Last blast. School was well behaved and completely directed. Grades were not on a curve. We did not do multiple choice tests. The very idea that half of the class got A-s or B-s would have been unheard of in my public schools. You could get spanked at school for misbehaving and your parents approved. You had a widely varied curriculum. You did math long hand. You did tons of memorization. Dates were important in history and there was only one version of it. Spelling always counted so you carried a dictionary to every class. Penmanship was an important class. We played outside from sunup to sundown and after about five years old without direct supervision. We rode our bicycles (sans helmet) all over town. You came when you were called. If the neighbor told you to do something you damned well did it or your mother would know why you were disrespectful to the neighbor. You said yes mam and yes sir. A child did not speak with adults unless they spoke first. You went to church every Sunday. Your yard was immaculate, you were not fat and you ate only three meals a day. And these meals were small by today's standards. A cookie was a "snack" and rare.
So you see Tainari, it was a very different world. I seriously doubt that someone today, going back in time to the fifties, would like it much or be very successful. It was not an ideal time if you were black. If you were Mexican here in the Southwest it was not an issue but go somewhere else and you might not be seated at the restaurant. There was blackface on television and Pancho and the Cisco Kid were nice stereotypes. Blacks did not hold office in any real numbers. Catholics were given side-eye in much of the country. Jews had their own country clubs and did not go to the "white" one. And yes we knew this was not ideal but we were not into ideal. The US was by far and away the richest country in the world. By far. It was the arsenal of democracy, the world's policeman, and the place virtually everyone wanted to live. Everyone. Communism was bad and socialism was the same thing as communism. You could be a communist you just couldn't work or hold office if you were one. And we knew all of these things for certain. They were facts. They were not questioned within earshot of the overwhelming majority of Americans.

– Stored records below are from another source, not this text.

(* Consider the single-armed lazy restless bandit described in the context with $p_{0,0}>p_{1,0}$ (positively correlated arm), fixed subsidy $\eta$ and $\beta\in(0,1)$. Then $V(\pi)$, $V_S(\pi)$ and $V_{NS}(\pi)$ are decreasing in $\pi\in[0,1]$.
   Context: Single-armed lazy restless bandit: an arm has a hidden state in $\{0,1\}$ evolving as a two-state Markov chain with transition probabilities $p_{i,j}$ ($p_{i,0}+p_{i,1}=1$). During each session the chain makes exactly $K\ge1$ transitions. In each session the decision maker plays the arm or not. If played with the arm in state $i$ at session start, an ACK is received with probability $\rho_i\in[0,1]$ and the expected reward is $R_i$; if not played, subsidy $\eta$ is received and nothing observed. Standing assumptions: $\rho_0<\rho_1$, $R_0<R_1$. Belief $\pi\in[0,1]$ = probability of state $0$. $R_S(\pi)=\pi R_0+(1-\pi)R_1$, $\rho(\pi)=\pi\rho_0+(1-\pi)\rho_1$, $\gamma_1(\pi)=\frac{(1-\pi)\rho_1p_{1,0}+\pi\rho_0p_{0,0}}{\rho_1(1-\pi)+\rho_0\pi}$, $\gamma_0(\pi)=\frac{(1-\pi)(1-\rho_1)p_{1,0}+\pi(1-\rho_0)p_{0,0}}{(1-\rho_1)(1-\pi)+(1-\rho_0)\pi}$, $\gamma_2(\pi)=(p_{0,0}-p_{1,0})^K\pi+p_{1,0}\sum_{j=0}^{K-1}(p_{0,0}-p_{1,0})^j$. $V_S,V_{NS},V$ are the unique bounded solution of $V_S(\pi)=R_S(\pi)+\beta\big(\rho(\pi)V(\gamma_1(\pi))+(1-\rho(\pi))V(\gamma_0(\pi))\big)$, $V_{NS}(\pi)=\eta+\beta V(\gamma_2(\pi))$, $V(\pi)=\max\{V_S(\pi),V_{NS}(\pi)\}$ (a term with zero coefficient is taken to be $0$). *)

theory Defs
  imports "HOL-Analysis.Analysis"
begin

text \<open>Single-armed lazy restless bandit. Belief b = probability of state 0.
  Transition probabilities: p00 = p_{0,0}, p10 = p_{1,0}
  (so p_{0,1} = 1 - p00, p_{1,1} = 1 - p10).\<close>

definition R_S :: "real \<Rightarrow> real \<Rightarrow> real \<Rightarrow> real" where
  "R_S R0 R1 b = b * R0 + (1 - b) * R1"

definition rho :: "real \<Rightarrow> real \<Rightarrow> real \<Rightarrow> real" where
  "rho rho0 rho1 b = b * rho0 + (1 - b) * rho1"

definition gamma1 :: "real \<Rightarrow> real \<Rightarrow> real \<Rightarrow> real \<Rightarrow> real \<Rightarrow> real" where
  "gamma1 p00 p10 rho0 rho1 b =
     ((1 - b) * rho1 * p10 + b * rho0 * p00) / (rho1 * (1 - b) + rho0 * b)"

definition gamma0 :: "real \<Rightarrow> real \<Rightarrow> real \<Rightarrow> real \<Rightarrow> real \<Rightarrow> real" where
  "gamma0 p00 p10 rho0 rho1 b =
     ((1 - b) * (1 - rho1) * p10 + b * (1 - rho0) * p00) /
     ((1 - rho1) * (1 - b) + (1 - rho0) * b)"

definition gamma2 :: "real \<Rightarrow> real \<Rightarrow> nat \<Rightarrow> real \<Rightarrow> real" where
  "gamma2 p00 p10 K b =
     (p00 - p10) ^ K * b + p10 * (\<Sum>j<K. (p00 - p10) ^ j)"

text \<open>A term with zero coefficient contributes 0; in HOL the
  corresponding gamma is 0/0 = 0, which lies in [0,1], and the product with the
  zero coefficient vanishes, so the convention is respected.\<close>

definition bandit_solution ::
  "real \<Rightarrow> real \<Rightarrow> nat \<Rightarrow> real \<Rightarrow> real \<Rightarrow> real \<Rightarrow> real \<Rightarrow> real \<Rightarrow> real \<Rightarrow>
   (real \<Rightarrow> real) \<Rightarrow> (real \<Rightarrow> real) \<Rightarrow> (real \<Rightarrow> real) \<Rightarrow> bool" where
  "bandit_solution p00 p10 K rho0 rho1 R0 R1 eta beta VS VNS V \<longleftrightarrow>
     bounded (VS ` {0..1}) \<and> bounded (VNS ` {0..1}) \<and> bounded (V ` {0..1}) \<and>
     (\<forall>b\<in>{0..1}.
        VS b = R_S R0 R1 b + beta * (rho rho0 rho1 b * V (gamma1 p00 p10 rho0 rho1 b)
                 + (1 - rho rho0 rho1 b) * V (gamma0 p00 p10 rho0 rho1 b)) \<and>
        VNS b = eta + beta * V (gamma2 p00 p10 K b) \<and>
        V b = max (VS b) (VNS b))"

end

theory Submission
  imports Defs
begin

text \<open>Let D be the largest increase of V between two ordered beliefs. One Bellman step
  maps a D-slack in the monotonicity of V to a (beta D)-slack in VS, VNS and V: the
  immediate reward decreases in the belief, the idle update gamma2 is increasing, and
  after playing, the posteriors gamma1 and gamma0 are increasing with gamma1 below gamma0,
  so the two posterior lotteries can be coupled monotonically. Hence D \<le> beta D, and
  D = 0 since beta < 1.\<close>

definition decreasing_up_to :: "'a::ord set \<Rightarrow> real \<Rightarrow> ('a \<Rightarrow> real) \<Rightarrow> bool" where
  "decreasing_up_to S D f \<longleftrightarrow> (\<forall>u\<in>S. \<forall>v\<in>S. u \<le> v \<longrightarrow> f v \<le> f u + D)"

lemma decreasing_up_toI:
  "(\<And>u v. u \<in> S \<Longrightarrow> v \<in> S \<Longrightarrow> u \<le> v \<Longrightarrow> f v \<le> f u + D) \<Longrightarrow> decreasing_up_to S D f"
  unfolding decreasing_up_to_def by blast

lemma decreasing_up_toD:
  "decreasing_up_to S D f \<Longrightarrow> u \<in> S \<Longrightarrow> v \<in> S \<Longrightarrow> u \<le> v \<Longrightarrow> f v - f u \<le> D"
  unfolding decreasing_up_to_def by force

lemma decreasing_up_to_mono:
  "decreasing_up_to S D f \<Longrightarrow> D \<le> D' \<Longrightarrow> decreasing_up_to S D' f"
  unfolding decreasing_up_to_def by force

lemma decreasing_up_to_zero_if_contracting:
  fixes f :: "'a::preorder \<Rightarrow> real"
  assumes "bounded (f ` S)" "beta < 1"
    and contract: "\<And>D. decreasing_up_to S D f \<Longrightarrow> decreasing_up_to S (beta * D) f"
  shows "decreasing_up_to S 0 f"
proof (cases "S = {}")
  case False
  define Inc where "Inc = {f v - f u | u v. u \<in> S \<and> v \<in> S \<and> u \<le> v}"
  define D where "D = Sup Inc"
  obtain M where M: "\<And>x. x \<in> S \<Longrightarrow> \<bar>f x\<bar> \<le> M"
    using assms(1) unfolding bounded_iff by (metis image_eqI real_norm_def)
  have Inc_cases: "P" if "z \<in> Inc"
      and "\<And>u v. z = f v - f u \<Longrightarrow> u \<in> S \<Longrightarrow> v \<in> S \<Longrightarrow> u \<le> v \<Longrightarrow> P" for z P
    using that unfolding Inc_def by blast
  have "z \<le> 2 * M" if "z \<in> Inc" for z
    using that by (rule Inc_cases) (smt (verit) M)
  then have "bdd_above Inc"
    by (rule bdd_aboveI)
  obtain s where "s \<in> S"
    using False by blast
  then have "f s - f s \<in> Inc"
    unfolding Inc_def by blast
  then have "0 \<in> Inc"
    by simp
  have "decreasing_up_to S D f"
  proof (rule decreasing_up_toI)
    fix u v assume "u \<in> S" "v \<in> S" "u \<le> v"
    then have "f v - f u \<in> Inc"
      unfolding Inc_def by blast
    then have "f v - f u \<le> D"
      using \<open>bdd_above Inc\<close> unfolding D_def by (rule cSup_upper)
    then show "f v \<le> f u + D"
      by simp
  qed
  then have contracted: "decreasing_up_to S (beta * D) f"
    by (rule contract)
  have "z \<le> beta * D" if "z \<in> Inc" for z
    using that by (rule Inc_cases) (use contracted decreasing_up_toD in blast)
  then have "D \<le> beta * D"
    using \<open>0 \<in> Inc\<close> unfolding D_def by (intro cSup_least) auto
  then have "(1 - beta) * D \<le> 0"
    by (simp add: algebra_simps)
  then have "D \<le> 0"
    using \<open>beta < 1\<close> by (simp add: mult_le_0_iff)
  with \<open>decreasing_up_to S D f\<close> show ?thesis
    by (rule decreasing_up_to_mono)
qed (simp add: decreasing_up_to_def)

lemma R_S_antimono:
  assumes "R0 \<le> R1" "x \<le> y"
  shows "R_S R0 R1 y \<le> R_S R0 R1 x"
proof -
  have "R_S R0 R1 x - R_S R0 R1 y = (y - x) * (R1 - R0)"
    unfolding R_S_def by (simp add: algebra_simps)
  then show ?thesis
    using assms by (metis diff_ge_0_iff_ge zero_le_mult_iff)
qed

definition play_continuation ::
  "real \<Rightarrow> real \<Rightarrow> real \<Rightarrow> real \<Rightarrow> (real \<Rightarrow> real) \<Rightarrow> real \<Rightarrow> real" where
  "play_continuation p00 p10 rho0 rho1 W b =
     rho rho0 rho1 b * W (gamma1 p00 p10 rho0 rho1 b)
     + (1 - rho rho0 rho1 b) * W (gamma0 p00 p10 rho0 rho1 b)"

locale belief_dynamics =
  fixes p00 p10 rho0 rho1 :: real
  assumes p10_nonneg: "0 \<le> p10" and positively_correlated: "p10 \<le> p00"
    and p00_le_one: "p00 \<le> 1"
    and rho0_nonneg: "0 \<le> rho0" and rho0_le_rho1: "rho0 \<le> rho1"
    and rho1_le_one: "rho1 \<le> 1"
begin

abbreviation "r \<equiv> rho rho0 rho1"
abbreviation "g1 \<equiv> gamma1 p00 p10 rho0 rho1"
abbreviation "g0 \<equiv> gamma0 p00 p10 rho0 rho1"

lemma rho_in_unit:
  assumes "b \<in> {0..1}"
  shows "0 \<le> r b" "r b \<le> 1"
proof -
  show "0 \<le> r b"
    unfolding rho_def using assms rho0_nonneg rho0_le_rho1 by simp
  have "b * rho0 \<le> b * 1" "(1 - b) * rho1 \<le> (1 - b) * 1"
    using assms rho0_le_rho1 rho1_le_one by (intro mult_left_mono; simp)+
  then show "r b \<le> 1"
    unfolding rho_def by simp
qed

lemma rho_diff: "r x - r y = (y - x) * (rho1 - rho0)"
  unfolding rho_def by (simp add: algebra_simps)

lemma rho_antimono: "x \<le> y \<Longrightarrow> r y \<le> r x"
  using rho_diff[of x y] rho0_le_rho1 by (metis diff_ge_0_iff_ge zero_le_mult_iff)

lemma gamma1_eq: "g1 b = ((1 - b) * rho1 * p10 + b * rho0 * p00) / r b"
  unfolding gamma1_def rho_def by (simp add: algebra_simps)

lemma gamma0_eq: "g0 b = ((1 - b) * (1 - rho1) * p10 + b * (1 - rho0) * p00) / (1 - r b)"
  unfolding gamma0_def rho_def by (simp add: algebra_simps)

lemma gamma1_in_unit:
  assumes "b \<in> {0..1}"
  shows "g1 b \<in> {0..1}"
proof (cases "r b = 0")
  case False
  then have "0 < r b"
    using rho_in_unit[OF assms] by simp
  have num_nonneg: "0 \<le> (1 - b) * rho1 * p10 + b * rho0 * p00"
    using assms rho0_nonneg rho0_le_rho1 p10_nonneg positively_correlated by simp
  have "(1 - b) * rho1 * p10 \<le> (1 - b) * rho1" "b * rho0 * p00 \<le> b * rho0"
    using assms rho0_nonneg rho0_le_rho1 p00_le_one positively_correlated p10_nonneg
    by (intro mult_left_le; simp)+
  then have num_le: "(1 - b) * rho1 * p10 + b * rho0 * p00 \<le> r b"
    unfolding rho_def by simp
  show ?thesis
    using \<open>0 < r b\<close> num_nonneg num_le by (simp add: gamma1_eq divide_simps)
qed (simp add: gamma1_eq)

lemma gamma0_in_unit:
  assumes "b \<in> {0..1}"
  shows "g0 b \<in> {0..1}"
proof (cases "1 - r b = 0")
  case False
  then have "0 < 1 - r b"
    using rho_in_unit[OF assms] by simp
  have num_nonneg: "0 \<le> (1 - b) * (1 - rho1) * p10 + b * (1 - rho0) * p00"
    using assms rho1_le_one rho0_le_rho1 p10_nonneg positively_correlated by simp
  have "(1 - b) * (1 - rho1) * p10 \<le> (1 - b) * (1 - rho1)"
      "b * (1 - rho0) * p00 \<le> b * (1 - rho0)"
    using assms rho1_le_one rho0_le_rho1 p00_le_one positively_correlated p10_nonneg
    by (intro mult_left_le; simp)+
  moreover have "(1 - b) * (1 - rho1) + b * (1 - rho0) = 1 - r b"
    unfolding rho_def by (simp add: algebra_simps)
  ultimately have num_le: "(1 - b) * (1 - rho1) * p10 + b * (1 - rho0) * p00 \<le> 1 - r b"
    by linarith
  show ?thesis
    using \<open>0 < 1 - r b\<close> num_nonneg num_le by (simp add: gamma0_eq divide_simps)
qed (simp add: gamma0_eq)

lemma gamma1_mono:
  assumes "x \<le> y" "0 < r y"
  shows "g1 x \<le> g1 y"
proof -
  have "0 < r x"
    using rho_antimono[OF assms(1)] assms(2) by simp
  have "((1 - y) * rho1 * p10 + y * rho0 * p00) * r x
      - ((1 - x) * rho1 * p10 + x * rho0 * p00) * r y
      = rho0 * rho1 * (p00 - p10) * (y - x)"
    unfolding rho_def by (simp add: algebra_simps)
  moreover have "0 \<le> rho0 * rho1 * (p00 - p10) * (y - x)"
    using assms rho0_nonneg rho0_le_rho1 positively_correlated by simp
  ultimately show ?thesis
    using \<open>0 < r x\<close> assms(2) by (simp add: gamma1_eq divide_simps)
qed

lemma gamma0_mono:
  assumes "x \<le> y" "0 < 1 - r x"
  shows "g0 x \<le> g0 y"
proof -
  have "0 < 1 - r y"
    using rho_antimono[OF assms(1)] assms(2) by simp
  have "((1 - y) * (1 - rho1) * p10 + y * (1 - rho0) * p00) * (1 - r x)
      - ((1 - x) * (1 - rho1) * p10 + x * (1 - rho0) * p00) * (1 - r y)
      = (1 - rho0) * (1 - rho1) * (p00 - p10) * (y - x)"
    unfolding rho_def by (simp add: algebra_simps)
  moreover have "0 \<le> (1 - rho0) * (1 - rho1) * (p00 - p10) * (y - x)"
    using assms rho1_le_one rho0_le_rho1 positively_correlated by simp
  ultimately show ?thesis
    using \<open>0 < 1 - r y\<close> assms(2) by (simp add: gamma0_eq divide_simps)
qed

lemma gamma1_le_gamma0:
  assumes "b \<in> {0..1}" "0 < r b" "0 < 1 - r b"
  shows "g1 b \<le> g0 b"
proof -
  have "((1 - b) * (1 - rho1) * p10 + b * (1 - rho0) * p00) * r b
      - ((1 - b) * rho1 * p10 + b * rho0 * p00) * (1 - r b)
      = (p00 - p10) * ((1 - b) * b * (rho1 - rho0))"
    unfolding rho_def by (simp add: algebra_simps)
  moreover have "0 \<le> (p00 - p10) * ((1 - b) * b * (rho1 - rho0))"
    using assms rho0_le_rho1 positively_correlated by simp
  ultimately show ?thesis
    using assms by (simp add: gamma0_eq gamma1_eq divide_simps)
qed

That is a taste of the real 50's. Are we going back? No. You can't put the genie back in the bottle. The internet has changed all of that. But we oldsters here know something that nobody much younger knows. We know what it is like to have privacy. We know what it is like to be alone. We know what it is like to be somewhere where no one knows your whereabouts. What do I want back from the 1950's? I want two things. I want civility and even more I want privacy. And there is not the slightest chance I will every have either.